Le fait de rendre un bâtiment responsable touche le plan de la santé et du confort des usagers.
Avec l’amélioration de la qualité de l’air intérieur, la prévention et le contrôle doivent être permanents et tenir compte des débits, de l’humidité, de la condensation mais aussi des polluants internes.
Pour le confort, il faut tenir compte des changements climatiques pour l’été et l’hiver mais également des demi-saisons afin d’éviter les surconsommations dues au fonctionnement inoptimal des installations. Pour ça il est nécessaire de gérer plusieurs hypothèses de température de consigne (le confort dépend des individus et non d’une réglementation !)
L’enjeu de la gestion de l’eau est tout aussi important que celui de l’énergie. Il s’agit d’assurer une qualité sanitaire et de gérer son recyclage. Sur le plan énergétique la récupération des calories des eaux grises optimise la consommation de stockage de l’eau chaude.
La qualité lumineuse joue sur la qualité d’usage des locaux et le bien être des personnes. Sont à prendre en compte les risques photo biologiques des apports lumineux (lumière bleu des LED).
La gestion de l’acoustique par une approche plus humaine en tenant compte des évolutions d’usage (maintien à domicile, colocation, télétravail, espaces collaboratifs dans l’entreprise).
Cela nécessite d’avantage d’adaptabilité, d’ergonomie et de réversibilité des locaux et du bâtiment.

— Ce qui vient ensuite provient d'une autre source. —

(* Let $A$ be a $C^\infty$-ring and $I\le A$ an ideal. Then $g\in\sqrt[\infty]{I}$ if and only if the class of $g$ in $A/I$ is $\infty$-nilpotent.
   Context: A $C^\infty$-ring is a product-preserving functor from the category of $\mathbb R^n$ ($n\ge0$) and smooth maps to sets; ideals are ideals of the underlying $\mathbb R$-algebra; $\otimes_\infty$ is the coproduct of $C^\infty$-rings and $A\{a^{-1}\}$ is the universal $C^\infty$-ring inverting $a$; $\sqrt[\infty]{I}:=\{f\in A\mid (A/I)\{f^{-1}\}\cong0\}$. For $B$ a $C^\infty$-ring, $g\in B$ and $f\in B\otimes_\infty C^\infty(\mathbb R)$, $f(g)\in B$ denotes the image of $f$ under the morphism $B\otimes_\infty C^\infty(\mathbb R)\to B$ which is the identity on $B$ and sends the coordinate $x$ to $g$. An element $g\in B$ is $\infty$-nilpotent if there is $f\in B\otimes_\infty C^\infty(\mathbb R)$ with $f(g)=0$ whose image in $B\otimes_\infty C^\infty(\mathbb R\setminus\{0\})$ (under the map induced by restriction $C^\infty(\mathbb R)\to C^\infty(\mathbb R\setminus\{0\})$) is invertible. *)

theory Defs
  imports "HOL-Analysis.Analysis"
begin

text \<open>A point of R^n is represented as a function nat => real of which only the
coordinates 0..n-1 matter.\<close>

definition pd :: "nat \<Rightarrow> ((nat \<Rightarrow> real) \<Rightarrow> real) \<Rightarrow> (nat \<Rightarrow> real) \<Rightarrow> real" where
  "pd i f x = deriv (\<lambda>t. f (x(i := t))) (x i)"

fun ipd :: "nat list \<Rightarrow> ((nat \<Rightarrow> real) \<Rightarrow> real) \<Rightarrow> (nat \<Rightarrow> real) \<Rightarrow> real" where
  "ipd [] f = f"
| "ipd (i # is) f = pd i (ipd is f)"

definition smooth_on :: "nat \<Rightarrow> ((nat \<Rightarrow> real) \<Rightarrow> bool) \<Rightarrow> ((nat \<Rightarrow> real) \<Rightarrow> real) \<Rightarrow> bool" where
  "smooth_on n U f \<longleftrightarrow>
     (\<forall>x y. (\<forall>i<n. x i = y i) \<longrightarrow> f x = f y) \<and>
     (\<forall>is. set is \<subseteq> {..<n} \<longrightarrow>
        continuous_on {x. U x} (ipd is f) \<and>
        (\<forall>x i. U x \<and> i < n \<longrightarrow> (\<lambda>t. ipd is f (x(i := t))) differentiable (at (x i))))"

definition smooth :: "nat \<Rightarrow> ((nat \<Rightarrow> real) \<Rightarrow> real) \<Rightarrow> bool" where
  "smooth n f \<longleftrightarrow> smooth_on n (\<lambda>_. True) f"

text \<open>A product-preserving functor F from the category of the R^n and smooth maps to Set
is equivalently given by the set A = F(R) together with the operations
Phi n f : A^n -> A, f : R^n -> R smooth, subject to the projection and composition laws.\<close>

type_synonym 'a cops = "nat \<Rightarrow> ((nat \<Rightarrow> real) \<Rightarrow> real) \<Rightarrow> (nat \<Rightarrow> 'a) \<Rightarrow> 'a"

definition cinf_ring :: "'a set \<Rightarrow> 'a cops \<Rightarrow> bool" where
  "cinf_ring A \<Phi> \<longleftrightarrow>
     (\<forall>n f a. smooth n f \<and> (\<forall>i<n. a i \<in> A) \<longrightarrow> \<Phi> n f a \<in> A) \<and>
     (\<forall>n f a b. (\<forall>i<n. a i = b i) \<longrightarrow> \<Phi> n f a = \<Phi> n f b) \<and>
     (\<forall>n f g a. (\<forall>x. f x = g x) \<longrightarrow> \<Phi> n f a = \<Phi> n g a) \<and>
     (\<forall>n i a. i < n \<and> (\<forall>j<n. a j \<in> A) \<longrightarrow> \<Phi> n (\<lambda>x. x i) a = a i) \<and>
     (\<forall>m n f g a. smooth m f \<and> (\<forall>j<m. smooth n (g j)) \<and> (\<forall>i<n. a i \<in> A) \<longrightarrow>
        \<Phi> n (\<lambda>x. f (\<lambda>j. g j x)) a = \<Phi> m f (\<lambda>j. \<Phi> n (g j) a))"

definition pair2 :: "'a \<Rightarrow> 'a \<Rightarrow> nat \<Rightarrow> 'a" where
  "pair2 a b = (\<lambda>i. if i = 0 then a else b)"

definition czero :: "'a cops \<Rightarrow> 'a" where
  "czero \<Phi> = \<Phi> 0 (\<lambda>_. 0) (\<lambda>_. undefined)"

definition cadd :: "'a cops \<Rightarrow> 'a \<Rightarrow> 'a \<Rightarrow> 'a" where
  "cadd \<Phi> a b = \<Phi> 2 (\<lambda>x. x 0 + x 1) (pair2 a b)"

definition csub :: "'a cops \<Rightarrow> 'a \<Rightarrow> 'a \<Rightarrow> 'a" where
  "csub \<Phi> a b = \<Phi> 2 (\<lambda>x. x 0 - x 1) (pair2 a b)"

definition cmul :: "'a cops \<Rightarrow> 'a \<Rightarrow> 'a \<Rightarrow> 'a" where
  "cmul \<Phi> a b = \<Phi> 2 (\<lambda>x. x 0 * x 1) (pair2 a b)"

text \<open>Ideal of the underlying commutative R-algebra (closure under scalars
follows from closure under multiplication by the constants of A).\<close>
definition cinf_ideal :: "'a set \<Rightarrow> 'a cops \<Rightarrow> 'a set \<Rightarrow> bool" where
  "cinf_ideal A \<Phi> I \<longleftrightarrow> I \<subseteq> A \<and> czero \<Phi> \<in> I \<and>
     (\<forall>a\<in>I. \<forall>b\<in>I. cadd \<Phi> a b \<in> I) \<and> (\<forall>a\<in>A. \<forall>b\<in>I. cmul \<Phi> a b \<in> I)"

definition qcls :: "'a set \<Rightarrow> 'a cops \<Rightarrow> 'a set \<Rightarrow> 'a \<Rightarrow> 'a set" where
  "qcls A \<Phi> I a = {b \<in> A. csub \<Phi> b a \<in> I}"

Le bâtiment responsable doit préserver la santé et le confort des occupants. Pour ça il faut remettre l’humain au centre de la conception et de l’exploitation adopter une démarche d’ergonomie tout en prenant en compte les mutations profondes des modes de vie et de travail, les risques sanitaires et psychosociaux.

Conclusion

Nos sociétés sont en évolution et les personnes ont des besoins de santé et de confort accrus, elles vivent, travaillent et se déplacent différemment. A la fois consomm’acteurs et producteurs.
Les bâtiments sont intelligents et deviennent sobres à vivre et à produire avec des bilans carbones s’améliorant.
La prise en charge de quartiers à énergies positives, les usagers pouvant choisir de minimiser leur empreinte énergétique par la gestion de leurs consommations en temps réel.
La notion de responsabilité et d’intelligence caractérise les dialogues entre les hommes et son environnement ainsi que l’usage du bâti dans son territoire.
L’innovation permet d’assurer les développements et les conditions économiques respectueuses de l’intérêt de l’utilisateur final, aussi la compétitivité de l’économie et de ses acteurs.

A travers les indicateurs du bâtiment responsable, libérons les énergies et l’innovation et nous prendrons conscience que ce n’est pas une option mais bel et bien une nécessité.